Standing tall in dark times
I’m grieved to announced that my beloved toilet light, a valued member of this family for many long and wonderful months, has died. I ask you, is anything more heart rending than a toilet deprived of all the colors of the rainbow inside it? I’ve ordered another but until it arrives, these are going to be dark days, indeed. I appreciate all the support in these difficult times.

More grim news
I also ask you, is anything more spirit-crushing than ordering something on Amazon for the two-day shipping and then getting notified that it will actually take THREE days to arrive, and possibly four? The holiday season is just ruined. I wonder how the pilgrims survived this kind of thing.

Lewiston launches ‘name that park’ contest
Oh, boy. Here we go. This is my time to shine. They wouldn’t let me name any of the bridges and they shut down my suggested name for the Colisee just because it had the word “underpants’ in it.
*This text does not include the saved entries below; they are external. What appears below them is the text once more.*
lemma measure_gen_ball_powr_gR_ge_minmax:
  fixes R :: "real^'n" and u v :: real
  assumes pos: "\<And>j. R $ j > 0" and v: "v > 0" "\<And>j. v \<le> R $ j" and u: "\<And>j. R $ j \<le> u"
  shows "2 powr v * sqrt (1 / (exp 1 * (real CARD('n) + 2 * u)))
           \<le> measure lebesgue (gen_ball R) powr gR R"
proof -
  define d where "d = real CARD('n)"
  have d: "d \<ge> 1" by (simp add: d_def)
  have "u > 0" using v u order.trans by fastforce
  have "d \<le> 1 * (d + 2 * u)" using \<open>u > 0\<close> by simp
  also have "\<dots> \<le> exp 1 * (d + 2 * u)" using d \<open>u > 0\<close> by (intro mult_right_mono) auto
  finally have "1 / (exp 1 * (d + 2 * u)) \<le> 1 / d"
    using d by (intro divide_left_mono) auto
  then have "sqrt (1 / (exp 1 * (d + 2 * u))) \<le> sqrt (1 / d)"
    by (rule real_sqrt_le_mono)
  moreover have "2 powr v \<le> 2 powr (d * gR R)"
    using gR_bounds (1) [OF v u] by (simp add: d_def)
  ultimately have "2 powr v * sqrt (1 / (exp 1 * (d + 2 * u))) \<le> 2 powr (d * gR R) * sqrt (1 / d)"
    using d \<open>u > 0\<close> by (intro mult_mono) auto
  also have "\<dots> \<le> measure lebesgue (gen_ball R) powr gR R"
    using measure_gen_ball_powr_gR_ge [OF pos] by (simp add: d_def real_sqrt_divide)
  finally show ?thesis by (simp add: d_def)
qed

lemma measure_gen_ball_powr_gR_le_minmax:
  fixes R :: "real^'n" and u v :: real
  assumes pos: "\<And>j. R $ j > 0" and v: "v > 0" "\<And>j. v \<le> R $ j" and u: "\<And>j. R $ j \<le> u"
  shows "measure lebesgue (gen_ball R) powr gR R
           \<le> 2 powr u * ((2 * v + 1) / (2 * v)) powr (u / (2 * v)) * sqrt (2 * exp 1 * u / CARD('n))"
proof -
  define d where "d = real CARD('n)"
  define g where "g = gR R"
  define c where "c = 1 + 1 / (2 * v)"
  have d: "d \<ge> 1" by (simp add: d_def)
  have dg: "v \<le> d * g" "d * g \<le> u"
    using gR_bounds [OF v u] by (simp_all add: d_def g_def)
  have c: "c \<ge> 1" using v by (simp add: c_def)
  have "sqrt c = c powr (1/2)" using c by (simp add: powr_half_sqrt)
  also have "\<dots> \<le> c powr (u / (2 * v))"
    using c v dg by (intro powr_mono) (auto simp: field_simps)
  finally have sqrt_c: "sqrt c \<le> c powr (u / (2 * v))" .
  have "g \<le> u / d" using dg(2) d by (simp add: field_simps)
  then have "sqrt (2 * exp 1 * g) \<le> sqrt (2 * exp 1 * (u / d))"
    by (intro real_sqrt_le_mono mult_left_mono) auto
  then have sqrt_g: "sqrt (2 * exp 1 * g) \<le> sqrt (2 * exp 1 * u / d)"
    by simp
  have "0 < d * g" using dg(1) v by linarith
  then have "g \<ge> 0" using d by (simp add: zero_less_mult_iff)
  have "measure lebesgue (gen_ball R) powr g \<le> 2 powr (d * g) * (sqrt c * sqrt (2 * exp 1 * g))"
    using measure_gen_ball_powr_gR_le [OF pos v] by (simp add: c_def d_def g_def real_sqrt_mult)
  also have "\<dots> \<le> 2 powr u * (c powr (u / (2 * v)) * sqrt (2 * exp 1 * u / d))"
    using dg(2) c \<open>g \<ge> 0\<close> sqrt_c sqrt_g
    by (intro mult_mono mult_nonneg_nonneg) auto
  finally show ?thesis
    using v by (simp add: c_def d_def g_def field_simps)
qed

theorem lemma3p4:
  fixes R :: "real^'n"
  assumes pos: "\<And>j. R $ j > 0"
  defines "u \<equiv> Max (range (\<lambda>j. R $ j))"
      and "v \<equiv> Min (range (\<lambda>j. R $ j))"
      and "d \<equiv> real CARD('n)"
  shows "v \<le> d * gR R \<and> d * gR R \<le> u \<and>
         2 powr v * sqrt (1 / (exp 1 * (d + 2 * u)))
           \<le> measure lebesgue (gen_ball R) powr gR R \<and>
         measure lebesgue (gen_ball R) powr gR R
           \<le> 2 powr u * ((2 * v + 1) / (2 * v)) powr (u / (2 * v)) * sqrt (2 * exp 1 * u / d)"
proof -
  have v_le: "v \<le> R $ j" and le_u: "R $ j \<le> u" for j
    by (simp_all add: u_def v_def)
  have v: "v > 0" using pos Min_in [of "range (\<lambda>j. R $ j)"] by (auto simp: v_def)
  show ?thesis
    unfolding d_def
    using gR_bounds [OF v v_le le_u]
      measure_gen_ball_powr_gR_ge_minmax [OF pos v v_le le_u]
      measure_gen_ball_powr_gR_le_minmax [OF pos v v_le le_u]
    by blast
qed

end
lemma barrier_principle:
  fixes \<phi> D :: "real \<Rightarrow> real"
  assumes cont: "continuous_on {0..T} \<phi>" and "finite S"
    and deriv: "\<And>u. u \<in> {0<..<T} - S \<Longrightarrow> (\<phi> has_real_derivative D u) (at u)"
    and init: "\<phi> 0 \<le> M"
    and near: "\<And>s. s \<in> {0..<T} \<Longrightarrow> (\<And>u. u \<in> {0..s} \<Longrightarrow> \<phi> u \<le> M) \<Longrightarrow>
       \<forall>\<^sub>F u in at s within {0..T}. M \<le> \<phi> u \<longrightarrow> D u \<le> 0"
    and t: "t \<in> {0..T}"
  shows "\<phi> t \<le> M"
proof (rule ccontr)
  assume "\<not> \<phi> t \<le> M"
  then obtain s where s: "s \<in> {0..<t}" and below: "\<And>u. u \<in> {0..s} \<Longrightarrow> \<phi> u \<le> M"
    and exits: "\<And>h. h > 0 \<Longrightarrow> \<exists>u\<in>{s<..<s+h}. u \<in> {0..T} \<and> M < \<phi> u"
    using first_exit[OF cont init t] by auto
  have "\<forall>\<^sub>F u in at s within {0..T}. M \<le> \<phi> u \<longrightarrow> D u \<le> 0"
    by (rule near) (use s t below in auto)
  then obtain d where "d > 0"
    and d: "\<And>u. u \<in> {0..T} \<Longrightarrow> u \<noteq> s \<Longrightarrow> dist u s < d \<Longrightarrow> M \<le> \<phi> u \<Longrightarrow> D u \<le> 0"
    unfolding eventually_at by auto
  obtain t1 where t1: "t1 \<in> {s<..<s+d}" "t1 \<in> {0..T}" "M < \<phi> t1"
    using exits[OF \<open>d > 0\<close>] by blast
  have cont': "continuous_on {s..t1} \<phi>" by (rule continuous_on_subset[OF cont]) (use s t1 in auto)
  obtain c where c: "c \<in> {s..<t1}" "\<phi> c = M" and above: "\<And>u. u \<in> {c..t1} \<Longrightarrow> M \<le> \<phi> u"
    using last_crossing[OF _ cont' below[of s] t1(3)] s t1 by auto
  have "\<phi> t1 \<le> \<phi> c"
  proof (rule DERIV_nonpos_imp_decreasing_finite[where \<phi> = \<phi> and D = D, OF _ _ \<open>finite S\<close>])
    show "continuous_on {c..t1} \<phi>" by (rule continuous_on_subset[OF cont']) (use c in auto)
    show "(\<phi> has_real_derivative D u) (at u)" if "u \<in> {c<..<t1} - S" for u
      using deriv that c s t1 by auto
    show "D u \<le> 0" if "u \<in> {c<..<t1} - S" for u
      using d[of u] above[of u] that c s t1 by (auto simp: dist_real_def)
  qed (use c in auto)
  then show False using c t1 by simp
qed

section \<open>Real inequalities and truncated integrals\<close>

lemma sqrt_powr: "w \<ge> 0 \<Longrightarrow> sqrt w powr q = w powr (q / 2)"
  by (simp add: powr_half_sqrt[symmetric] powr_powr)

lemma Young_powr_weighted:
  fixes x y \<theta> p :: real
  assumes x: "x > 0" and y: "y \<ge> 0" and \<theta>: "\<theta> > 0" and p: "p \<ge> 1"
  shows "p * x powr (p - 1) * y \<le> (p - 1) * \<theta> * x powr p + \<theta> powr (1 - p) * y powr p"
proof (cases "p = 1 \<or> y = 0")
  case True
  then show ?thesis using x y \<theta> p by auto
next
  case False
  then have p1: "p > 1" and y0: "y > 0" using p y by auto
  define a where "a = \<theta> * x powr p"
  define b where "b = \<theta> powr (1 - p) * y powr p"
  have "a > 0" "b > 0" using \<theta> x y0 by (auto simp: a_def b_def)
  have "a powr ((p - 1) / p) * b powr (1 / p) \<le> ((p - 1) / p) * a + (1 / p) * b"
    by (rule Youngs_inequality_0) (use p1 \<open>a > 0\<close> \<open>b > 0\<close> in \<open>auto simp: field_simps\<close>)
  moreover have "a powr ((p - 1) / p) * b powr (1 / p) = x powr (p - 1) * y"
  proof -
    have "a powr ((p - 1) / p) = \<theta> powr ((p - 1) / p) * x powr (p - 1)"
      using \<theta> x p1 by (simp add: a_def powr_mult powr_powr)
    moreover have "b powr (1 / p) = \<theta> powr ((1 - p) / p) * y"
      using \<theta> y0 p1 by (simp add: b_def powr_mult powr_powr)
    moreover have "\<theta> powr ((p - 1) / p) * \<theta> powr ((1 - p) / p) = 1"
      using \<theta> by (simp add: powr_add[symmetric] add_divide_distrib[symmetric])
    ultimately show ?thesis by (simp add: algebra_simps)
  qed
  ultimately have "p * (x powr (p - 1) * y) \<le> p * (((p - 1) / p) * a + (1 / p) * b)"
    using p1 by (simp add: mult_left_mono)
  also have "\<dots> = (p - 1) * a + b" using p1 by (simp add: field_simps)
  finally show ?thesis by (simp add: a_def b_def mult.assoc)
qed
lemma mem_approvals_iff_not_dissenter:
  assumes "i < K * (P + N)" "g < K * K"
  shows "g \<in> approvals K P i \<longleftrightarrow> i \<notin> dissenters K P N (g div K)"
  using assms by (auto simp: approvals_def dissenters_def)

lemma card_Diff_dissenters:
  assumes "j < K"
  shows "card ({0..<K * (P + N)} - dissenters K P N j) = K * (P + N) - N"
proof -
  have "dissenters K P N j \<subseteq> {0..<K * (P + N)}" by (auto simp: dissenters_def)
  thus ?thesis by (simp add: card_Diff_subset finite_subset card_dissenters[OF assms])
qed

lemma group_subset_approvals:
  assumes "j < K" "i \<notin> dissenters K P N j" "i < K * (P + N)"
  shows "{j * K..<j * K + K} \<subseteq> approvals K P i"
proof
  fix g assume g: "g \<in> {j * K..<j * K + K}"
  have "g div K = j" using g by (intro div_nat_eqI) (auto simp: algebra_simps)
  moreover have "j * K + K \<le> K * K" using mult_le_mono1[of "Suc j" K K] assms(1) by simp
  ultimately show "g \<in> approvals K P i" using g assms by (auto simp: approvals_def dissenters_def)
qed

lemma exists_group_avoiding:
  assumes "finite A" "card A < K"
  obtains j where "j < K" "j \<notin> (\<lambda>g. g div K) ` A"
proof -
  have "card ((\<lambda>g. g div K) ` A) < card {..<K}"
    using le_less_trans[OF card_image_le[OF assms(1)] assms(2)] by simp
  hence "\<not> {..<K} \<subseteq> (\<lambda>g. g div K) ` A"
    using card_mono[OF finite_imageI[OF assms(1)]] by (meson leD)
  thus thesis using that by blast
qed
lemma anorm_le_cnorm:
  assumes A: "positive_op A"
  obtains c where "0 \<le> c" and "\<And>v. anorm A v \<le> c * cnorm v"
proof -
  interpret a: semi_inner "ainner A" cscale
    using A by (rule semi_inner_ainner)
  obtain K where "0 < K" and K: "\<And>x. cnorm (A x) \<le> K * cnorm x"
    using cbounded_linear_pos_bound[OF positive_op_cbounded_linear[OF A]] by blast
  have "anorm A v \<le> sqrt K * cnorm v" for v
  proof -
    have "(anorm A v)\<^sup>2 \<le> cmod (cinner (A v) v)"
      by (simp add: anorm_eq_seminorm[OF A] a.seminorm_sq ainner_def complex_Re_le_cmod)
    also have "\<dots> \<le> cnorm (A v) * cnorm v"
      by (simp add: cnorm_eq_seminorm cinner.cauchy_schwarz)
    also have "\<dots> \<le> K * cnorm v * cnorm v"
      using K[of v] by (simp add: mult_right_mono)
    also have "\<dots> = (sqrt K * cnorm v)\<^sup>2"
      using \<open>0 < K\<close> by (simp add: power_mult_distrib power2_eq_square[of "cnorm v"])
    finally show ?thesis
      by (rule power2_le_imp_le) (use \<open>0 < K\<close> in simp)
  qed
  with \<open>0 < K\<close> show thesis
    by (intro that[of "sqrt K"]) auto
qed

lemma ainner_funpow_shift:
  fixes T :: "'a::chilbert \<Rightarrow> 'a"
  assumes "\<And>x y. ainner A (T x) y = ainner A x (T y)"
  shows "ainner A ((T ^^ a) x) ((T ^^ b) y) = ainner A ((T ^^ (a + b)) x) y"
proof (induction b arbitrary: a)
  case 0
  then show ?case by simp
next
  case (Suc b)
  have "ainner A ((T ^^ a) x) ((T ^^ Suc b) y) = ainner A ((T ^^ Suc a) x) ((T ^^ b) y)"
    by (simp add: assms)
  also have "\<dots> = ainner A ((T ^^ (Suc a + b)) x) y"
    by (rule Suc.IH)
  finally show ?case
    by simp
qed

lemma cnorm_funpow_le:
  fixes T :: "'a::chilbert \<Rightarrow> 'a"
  assumes "0 \<le> K" and "\<And>x. cnorm (T x) \<le> K * cnorm x"
  shows "cnorm ((T ^^ m) x) \<le> K ^ m * cnorm x"
proof (induction m)
  case 0
  then show ?case by simp
next
  case (Suc m)
  have "cnorm ((T ^^ Suc m) x) \<le> K * cnorm ((T ^^ m) x)"
    by (simp add: assms(2))
  also have "\<dots> \<le> K * (K ^ m * cnorm x)"
    using Suc.IH assms(1) by (rule mult_left_mono)
  finally show ?case
    by (simp add: mult.assoc)
qed

lemma A_selfadjoint_pow2_sq_le:
  fixes T :: "'a::chilbert \<Rightarrow> 'a"
  assumes A: "positive_op A" and selfadjoint: "\<And>x y. ainner A (T x) y = ainner A x (T y)"
  shows "(anorm A ((T ^^ (2 ^ n)) z))\<^sup>2 \<le> anorm A ((T ^^ (2 ^ Suc n)) z) * anorm A z"
proof -
  interpret a: semi_inner "ainner A" cscale
    using A by (rule semi_inner_ainner)
  have "(anorm A ((T ^^ (2 ^ n)) z))\<^sup>2 = Re (ainner A ((T ^^ (2 ^ Suc n)) z) z)"
    by (simp add: anorm_eq_seminorm[OF A] a.seminorm_sq ainner_funpow_shift[OF selfadjoint] mult_2)
  also have "\<dots> \<le> cmod (ainner A ((T ^^ (2 ^ Suc n)) z) z)"
    by (rule complex_Re_le_cmod)
  also have "\<dots> \<le> anorm A ((T ^^ (2 ^ Suc n)) z) * anorm A z"
    unfolding anorm_eq_seminorm[OF A] by (rule a.cauchy_schwarz)
  finally show ?thesis .
qed

text \<open>For A-selfadjoint T, Cauchy-Schwarz gives
  \<parallel>T^(2^n) z\<parallel>_A^2 \<le> \<parallel>T^(2^(n+1)) z\<parallel>_A \<parallel>z\<parallel>_A, hence
  (\<parallel>Tz\<parallel>_A / \<parallel>z\<parallel>_A)^(2^n) \<le> \<parallel>T^(2^n) z\<parallel>_A / \<parallel>z\<parallel>_A, which grows at most like K^(2^n).\<close>
lemma A_selfadjoint_anorm_le:
  assumes A: "positive_op A" and K: "0 < K" "\<And>x. cnorm (T x) \<le> K * cnorm x"
    and selfadjoint: "\<And>x y. ainner A (T x) y = ainner A x (T y)"
  shows "anorm A (T z) \<le> K * anorm A z"
proof -
  interpret a: semi_inner "ainner A" cscale
    using A by (rule semi_inner_ainner)
  define g where "g n = anorm A ((T ^^ (2 ^ n)) z)" for n
  define r where "r = anorm A z"
  have g_nonneg: "0 \<le> g n" for n
    by (simp add: g_def anorm_eq_seminorm[OF A])
  have step: "(g n)\<^sup>2 \<le> g (Suc n) * r" for n
    unfolding g_def r_def using A selfadjoint by (rule A_selfadjoint_pow2_sq_le)
  have "g 0 = anorm A (T z)"
    by (simp add: g_def)
  show ?thesis
  proof (cases "r = 0")
    case True
    with step[of 0] g_nonneg[of 0] show ?thesis
      using \<open>g 0 = anorm A (T z)\<close> r_def by simp
  next
    case False
    then have "0 < r"
      by (simp add: r_def anorm_eq_seminorm[OF A] less_le)
    obtain c where "0 \<le> c" and c: "\<And>v. anorm A v \<le> c * cnorm v"
      using anorm_le_cnorm[OF A] by blast
    have "(g 0 / r) ^ (2 ^ n) \<le> (c * cnorm z / r) * K ^ (2 ^ n)" for n
    proof -
      have "g n \<le> c * cnorm ((T ^^ (2 ^ n)) z)"
        unfolding g_def by (rule c)
      also have "\<dots> \<le> c * (K ^ (2 ^ n) * cnorm z)"
        using K by (intro mult_left_mono[OF cnorm_funpow_le] \<open>0 \<le> c\<close>) auto
      finally have "g n / r \<le> (c * cnorm z / r) * K ^ (2 ^ n)"
        using \<open>0 < r\<close> by (simp add: divide_right_mono mult_ac)
      with pow2_power_ratio_le[of r g, OF \<open>0 < r\<close> g_nonneg step] show ?thesis
        by (rule order_trans)
    qed
    then have "g 0 / r \<le> K"
      by (rule le_if_pow2_powers_bounded[OF K(1)])
    with \<open>0 < r\<close> \<open>g 0 = anorm A (T z)\<close> show ?thesis
      by (simp add: r_def pos_divide_le_eq)
  qed
qed

lemma has_A_adjoint_A_bounded:
  assumes A: "positive_op A" and S: "has_A_adjoint A S"
  shows "A_bounded A S"
proof -
  interpret a: semi_inner "ainner A" cscale
    using A by (rule semi_inner_ainner)
  obtain W where W_lin: "cbounded_linear W" and W: "\<And>x y. ainner A (S x) y = ainner A x (W y)"
    and S_lin: "cbounded_linear S"
    using S by (auto simp: has_A_adjoint_def)
  obtain K where "0 < K" and K: "\<And>x. cnorm (W (S x)) \<le> K * cnorm x"
    using cbounded_linear_pos_bound[OF cbounded_linear_comp[OF W_lin S_lin]] by auto
  have WS: "ainner A (W (S x)) y = ainner A (S x) (S y)" for x y
    by (metis W a.hermitian)
  then have "ainner A (W (S x)) y = ainner A x (W (S y))" for x y
    by (simp add: W)
  with A \<open>0 < K\<close> K have WS_bound: "anorm A (W (S z)) \<le> K * anorm A z" for z
    by (rule A_selfadjoint_anorm_le)
  have "anorm A (S z) \<le> sqrt K * anorm A z" for z
  proof -
    have "(anorm A (S z))\<^sup>2 \<le> cmod (ainner A (W (S z)) z)"
      by (simp add: anorm_eq_seminorm[OF A] a.seminorm_sq WS complex_Re_le_cmod)
    also have "\<dots> \<le> anorm A (W (S z)) * anorm A z"
      unfolding anorm_eq_seminorm[OF A] by (rule a.cauchy_schwarz)
    also have "\<dots> \<le> K * anorm A z * anorm A z"
      using WS_bound[of z] by (simp add: anorm_eq_seminorm[OF A] mult_right_mono)
    also have "\<dots> = (sqrt K * anorm A z)\<^sup>2"
      using \<open>0 < K\<close> by (simp add: power_mult_distrib power2_eq_square[of "anorm A z"])
    finally show ?thesis
      by (rule power2_le_imp_le) (use \<open>0 < K\<close> in \<open>simp add: anorm_eq_seminorm[OF A]\<close>)
  qed
  with \<open>0 < K\<close> show ?thesis
    by (auto simp: A_bounded_def intro!: exI[of _ "sqrt K"])
qed

section \<open>Numerical and Davis-Wielandt radii\<close>

lemma omegaA_set_bdd_above:
  assumes A: "positive_op A" and T: "A_bounded A T"
  shows "bdd_above (insert 0 {cmod (ainner A (T z) z) | z. anorm A z = 1})"
proof -
  interpret a: semi_inner "ainner A" cscale
    using A by (rule semi_inner_ainner)
  obtain c where "0 \<le> c" and c: "\<And>z. anorm A (T z) \<le> c * anorm A z"
    using A_boundedE[OF T] by blast
  have "cmod (ainner A (T z) z) \<le> c" if "anorm A z = 1" for z
    using a.cauchy_schwarz[of "T z" z] c[of z] that by (simp add: anorm_eq_seminorm[OF A])
  with \<open>0 \<le> c\<close> show ?thesis
    by (auto intro: bdd_aboveI[of _ c])
qed

lemma omegaA_nonneg:
  assumes "positive_op A" and "A_bounded A T"
  shows "0 \<le> omegaA A T"
  unfolding omegaA_def by (rule cSup_upper[OF _ omegaA_set_bdd_above[OF assms]]) simp

lemma ainner_le_omegaA:
  assumes A: "positive_op A" and T: "A_bounded A T" and hom: "\<And>a z. T (cscale a z) = cscale a (T z)"
  shows "cmod (ainner A (T z) z) \<le> omegaA A T * (anorm A z)\<^sup>2"
proof -
  interpret a: semi_inner "ainner A" cscale
    using A by (rule semi_inner_ainner)
  show ?thesis
  proof (cases "anorm A z = 0")
    case True
    then show ?thesis
      using a.cauchy_schwarz[of "T z" z] by (simp add: anorm_eq_seminorm[OF A])
  next
    case False
    define t where "t = complex_of_real (1 / anorm A z)"
    have "0 < anorm A z"
      using False by (simp add: anorm_eq_seminorm[OF A] less_le)
    then have t: "cmod t * anorm A z = 1"
      by (simp add: t_def norm_divide)
    then have "anorm A (cscale t z) = 1"
      by (simp add: anorm_eq_seminorm[OF A] a.seminorm_scale)
    then have "cmod (ainner A (T (cscale t z)) (cscale t z)) \<le> omegaA A T"
      unfolding omegaA_def by (intro cSup_upper[OF _ omegaA_set_bdd_above[OF A T]]) blast
    moreover have "ainner A (T (cscale t z)) (cscale t z) = (t * cnj t) * ainner A (T z) z"
      by (simp add: hom a.scale_left a.scale_right)
    then have "cmod (ainner A (T (cscale t z)) (cscale t z)) = (cmod t)\<^sup>2 * cmod (ainner A (T z) z)"
      by (simp add: norm_mult power2_eq_square)
    ultimately have "(cmod t * anorm A z)\<^sup>2 * cmod (ainner A (T z) z) \<le> omegaA A T * (anorm A z)\<^sup>2"
      using \<open>0 < anorm A z\<close> by (simp add: power_mult_distrib mult_right_mono mult.commute mult.left_commute)
    with t show ?thesis
      by simp
  qed
qed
This time, though, I’m going to come up with something so tantalizing, so fitting and so RIGHT for this patch of land, you people will be dazzled right out of your peejays. Poet laureates will move to Lewiston just to be near such a lyrically named park. Ballads will be written, not about the park itself but for the man who named it with such elegance, finesse and — let’s face it — genius. I can hardly wait to lay this idea on you. It’s going to be big, yo.

Which is not to say…
That I have any ideas at this exact moment. In fact, if you’ve got any suggestions, I’ll take them. Please? Genius is a lonely business.

Math is hard
As usual, I miscalculated while trying to pin down when Thanksgiving is this year (I forgot to carry the two) and so by the time you read this, the day of turkey and yams will be over and done with. It’s unfortunate because I spent a chunk of the year coming up with some fresh turkey jokes to share with you all around the dinner table. I have one involving stuffing, a small dog and a basting brush that would have had you spitting cranberry sauce all over your gramma. Alas, it’s not to be, so I’ll just pack those jokes in Tupperware and save them for next year.

Although I should mention…
That I don’t actually have any of those jokes on me at this exact moment. In fact, if you have any good turkey jokes, send them my way. Please?